Setelah mengatur janji temu dengan para personel akhirnya kami berkesempatan menyambangi mereka di lantai 3 Rossi Musik, Fatmawati (08/04). Dalam pertemuan ini hadir Sayiba ‘Von Mencekam’ (gitar, vokal), Deta ‘Beringas’ (gitar, vokal), Uri ‘Pembantai Dari Mongol’ (bas), dan Hafidh ‘Buto’ (drum). Kami berbincang seputar album Kesurupan selama hampir 50 menit. Sayangnya, karena alasan pekerjaan, Fahri ‘Al Maut’ (gitar) belum bisa bergabung untuk menceritakan album Kesurupan hari itu.
![]()
Sesi wawancara Pophariini bersama Kelelawar Malam di Rossi Musik, Fatmawati / Dok. Anggik Yoga Prayuda
Mencekam mengaku banyak yang terjadi di internal Kelelawar Malam baik dari sisi pribadi maupun kolektif selama 9 tahun, yang membuat latar belakang perjalanan album Kesurupan ini sangat panjang.
Di sisi lain, Pembantai Dari Mongol atau yang biasa disingkat Mongol mengungkapkan kondisi mereka sudah jauh berbeda dibanding saat mengerjakan Jalan Gelap. Salah satu yang dimaksud adalah intensitas para personel untuk berkumpul, nongkrong, dan membuat lagu.
![]()
Uri ‘Pembantai Dari Mongol’ / Dok. Anggik Yoga Prayuda
“Makanya kelihatan Jalan Gelap itu lebih musikal sebenarnya, eksplorasinya lebih jelas di situ. Pas kami masuk ke era Kesurupan udah banyak perubahan. Ada yang nikah, kerjaan lebih serius, banyak deh. Kesurupan itu secara eksplorasi musikalnya emang gak seintens waktu Jalan Gelap, perubahannya yang paling masuk akal sebenernya eksplorasi vokal,” kata Mongol.
Saat Mongol hendak menjelaskan soal eksplorasi vokal, kami langsung menyetopnya karena ini topik yang menarik dari album Kesurupan untuk dibahas nanti termasuk keterlibatan Tanya Ditaputri (eks-Fleur, Rattles, Rad Rat) sebagai pengarahnya.
Obrolan bersama Kelelawar Malam berlanjut ke pembahasan yang lebih dalam soal album Kesurupan, identitas sebagai band horor, sampai perubahan-perubahan yang terjadi di internal mereka. Simak langsung di bawah ini.
Kelelawar Malam selalu membawa identitas “Horror Metal Punk”, atau jargon “Pecvt” yang cukup khas. Seiring berjalannya waktu, makna horor itu mengalami pergeseran atau tidak buat kalian?
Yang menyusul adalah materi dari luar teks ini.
(* Let $I\subset C_+$ be a closed interval (arc) and suppose that either ($-$) the first positive hitting time of points of $I$ with $S_-$ defines a continuous function $\tau:I\to\mathbb{R}_{>0}$ and for every $q\in I$ the flow line $Fl_t(q)$ intersects $S_-$ transversely at $t=\tau(q)$, or ($+$) the same holds with $S_+$ in place of $S_-$. Let $h(q)=Fl_{\tau(q)}(q)$ and define the slope function $s_I=\mathrm{pr}_{w_2}\circ h$ in case ($-$) and $s_I=\mathrm{pr}_{w_1}\circ h$ in case ($+$). If $s_I(p_0)=0$ for some $p_0\in I$, then $p_0$ is the initial point of a symmetric periodic orbit.
   Context: Levi-Civita regularized restricted three-body problem: on $\mathbb{R}^4=\{(z_1,z_2,w_1,w_2)\}$ with symplectic form $dw\wedge dz$, $K_{\mu,c}=\tfrac12|w|^2+c|z|^2-\tfrac{1-\mu}{2}+2|z|^2(z_1w_2-z_2w_1)-\mu(z_1w_2+z_2w_1)-\frac{\mu|z|^2}{|2z^2-1|}$ (complex notation $z=z_1+iz_2$), with $-c$ below the smallest critical value of the Jacobi Hamiltonian; $\Sigma_{\mu,c}$ is the compact component of $K_{\mu,c}^{-1}(0)$ containing $\{z=0\}$ and $Fl_t$ the flow of $X_{K_{\mu,c}}$ on it. $R_+(z,w)=(\bar z,-\bar w)$, $R_-(z,w)=(-\bar z,\bar w)$ are anti-symplectic involutions preserving $K_{\mu,c}$; $C_\pm=\mathrm{Fix}(R_\pm)\cap\Sigma_{\mu,c}$, so $C_+=\{z_2=0,w_1=0\}\cap\Sigma_{\mu,c}$, $C_-=\{z_1=0,w_2=0\}\cap\Sigma_{\mu,c}$. $S_+=\{z_2=0\}\cap\Sigma_{\mu,c}$, $S_-=\{z_1=0\}\cap\Sigma_{\mu,c}$. A $T$-periodic orbit $\gamma$ is symmetric if, for some $R\in\{R_+,R_-\}$ and after a time shift, $R(\gamma(T-t))=\gamma(t)$. *)

theory Defs
  imports "HOL-Analysis.Analysis"
begin

text \<open>Phase space R^4 with coordinates (z1,z2,w1,w2) = (x$1, x$2, x$3, x$4).\<close>

definition zc :: "real^4 \<Rightarrow> complex" where
  "zc x = Complex (x$1) (x$2)"

definition K :: "real \<Rightarrow> real \<Rightarrow> real^4 \<Rightarrow> real" where
  "K \<mu> c x =
     (let z1 = x$1; z2 = x$2; w1 = x$3; w2 = x$4; r = z1^2 + z2^2 in
      (w1^2 + w2^2) / 2 + c * r - (1 - \<mu>) / 2 + 2 * r * (z1 * w2 - z2 * w1)
      - \<mu> * (z1 * w2 + z2 * w1) - \<mu> * r / cmod (2 * (zc x)^2 - 1))"

definition LC_level :: "real \<Rightarrow> real \<Rightarrow> (real^4) set" where
  "LC_level \<mu> c = {x. 2 * (zc x)^2 \<noteq> 1 \<and> K \<mu> c x = 0}"

definition Sigma :: "real \<Rightarrow> real \<Rightarrow> (real^4) set" where
  "Sigma \<mu> c = \<Union>{connected_component_set (LC_level \<mu> c) x | x.
                    x \<in> LC_level \<mu> c \<and> x$1 = 0 \<and> x$2 = 0}"

definition pd :: "(real^4 \<Rightarrow> real) \<Rightarrow> 4 \<Rightarrow> real^4 \<Rightarrow> real" where
  "pd f i x = deriv (\<lambda>s. f (x + s *\<^sub>R axis i 1)) 0"

text \<open>Hamiltonian vector field of K for the symplectic form dw /\ dz
  (convention: dz/dt = dK/dw, dw/dt = - dK/dz).\<close>
definition XK :: "real \<Rightarrow> real \<Rightarrow> real^4 \<Rightarrow> real^4" where
  "XK \<mu> c x = vector [pd (K \<mu> c) 3 x, pd (K \<mu> c) 4 x, - pd (K \<mu> c) 1 x, - pd (K \<mu> c) 2 x]"

definition is_flow :: "real \<Rightarrow> real \<Rightarrow> (real \<Rightarrow> real^4 \<Rightarrow> real^4) \<Rightarrow> bool" where
  "is_flow \<mu> c Fl \<longleftrightarrow>
     (\<forall>q \<in> Sigma \<mu> c. Fl 0 q = q \<and>
        (\<forall>t. ((\<lambda>s. Fl s q) has_vector_derivative XK \<mu> c (Fl t q)) (at t)))"

text \<open>Jacobi Hamiltonian of the rotating Kepler/restricted three-body problem
  (earth of mass 1-mu at 0, moon of mass mu at (1,0)), coordinates (q1,q2,p1,p2);
  K = |z|^2 (H o L + c) for the Levi-Civita map L(z,w) = (2 z^2, w / conj z).\<close>
definition Hjac :: "real \<Rightarrow> real^4 \<Rightarrow> real" where
  "Hjac \<mu> x =
     (let q1 = x$1; q2 = x$2; p1 = x$3; p2 = x$4 in
      (p1^2 + p2^2) / 2 - (1 - \<mu>) / sqrt (q1^2 + q2^2) - \<mu> / sqrt ((q1 - 1)^2 + q2^2)
      + q1 * p2 - q2 * p1 - \<mu> * p2)"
Mencekam: Horor pasti makin ke sini makin jelas. Sebenarnya banyak yang lebih menakutkan daripada hantu ya [tertawa].
Buto: Kayak pemerintah [tertawa].
Mencekam: Manusia sendiri perilakunya bisa lebih horor dari setan mana pun. Jadi ya itu sih secara natural pasti kami kan makin tua, makin ngerti lah soal itu.
Mongol: Berkembang. Kan album pertama masih dari film kebanyakan, cerita-cerita horor mistik. Nah pas di Jalan Gelap mulai berkembang. Jadi horor itu gak hanya yang ada di film makanya jadi lirik “Merapi”, kayak gitu-gitu.
Mencekam: Kayak “Khundang” kan gue ngambil sisi horor yang lebih nyata, kayak selama ini kan mungkin kalau punk kan lebih kayak pemberontakan anak-anak. Nah itu gue balik di “Khundang”, orang tua juga bisa bisa hancurin lo juga loh, protesnya dengan mengutuk lo gitu. Lebih ke situ sih, gue banyak ambil point of view itu.
![]()
Sayiba ‘Von Mencekam’ menjelaskan tentang makna horror yang diadaptasi Kelelawar Malam / Dok. Anggik Yoga Prayuda
Banyak band horor mengacu ke referensi musik barat, tapi Kelelawar Malam sangat lokal. Gimana cara kalian memandang sosok-sosok setan lokal, apakah sebagai mitologi, simbol, atau mungkin lebih personal?
Beringas: Sebenarnya lebih ke nostalgia. Kayak apa yang kami lihat pas masa kecil, nonton Suzzanna misalnya. Apa sih yang pertama kali bikin kami takut, mungkin kalau buat gue pribadi kayak lebih sering liat horor-horor lokal, jadi keluarnya itu. Mungkin kurang relevan sama barat karena ya lebih seram (setan) lokal.
Mencekam: Walaupun sebetulnya kami gak meninggalkan banget horor-horor barat ya, kayak “Suzannakenstein” kan kami campurin tuh Frankenstein dan Suzzanna.
Mongol: Ada juga kayak “Kengerian” yang emang (cerita tentang) U.F.O. kan gak Indonesia banget.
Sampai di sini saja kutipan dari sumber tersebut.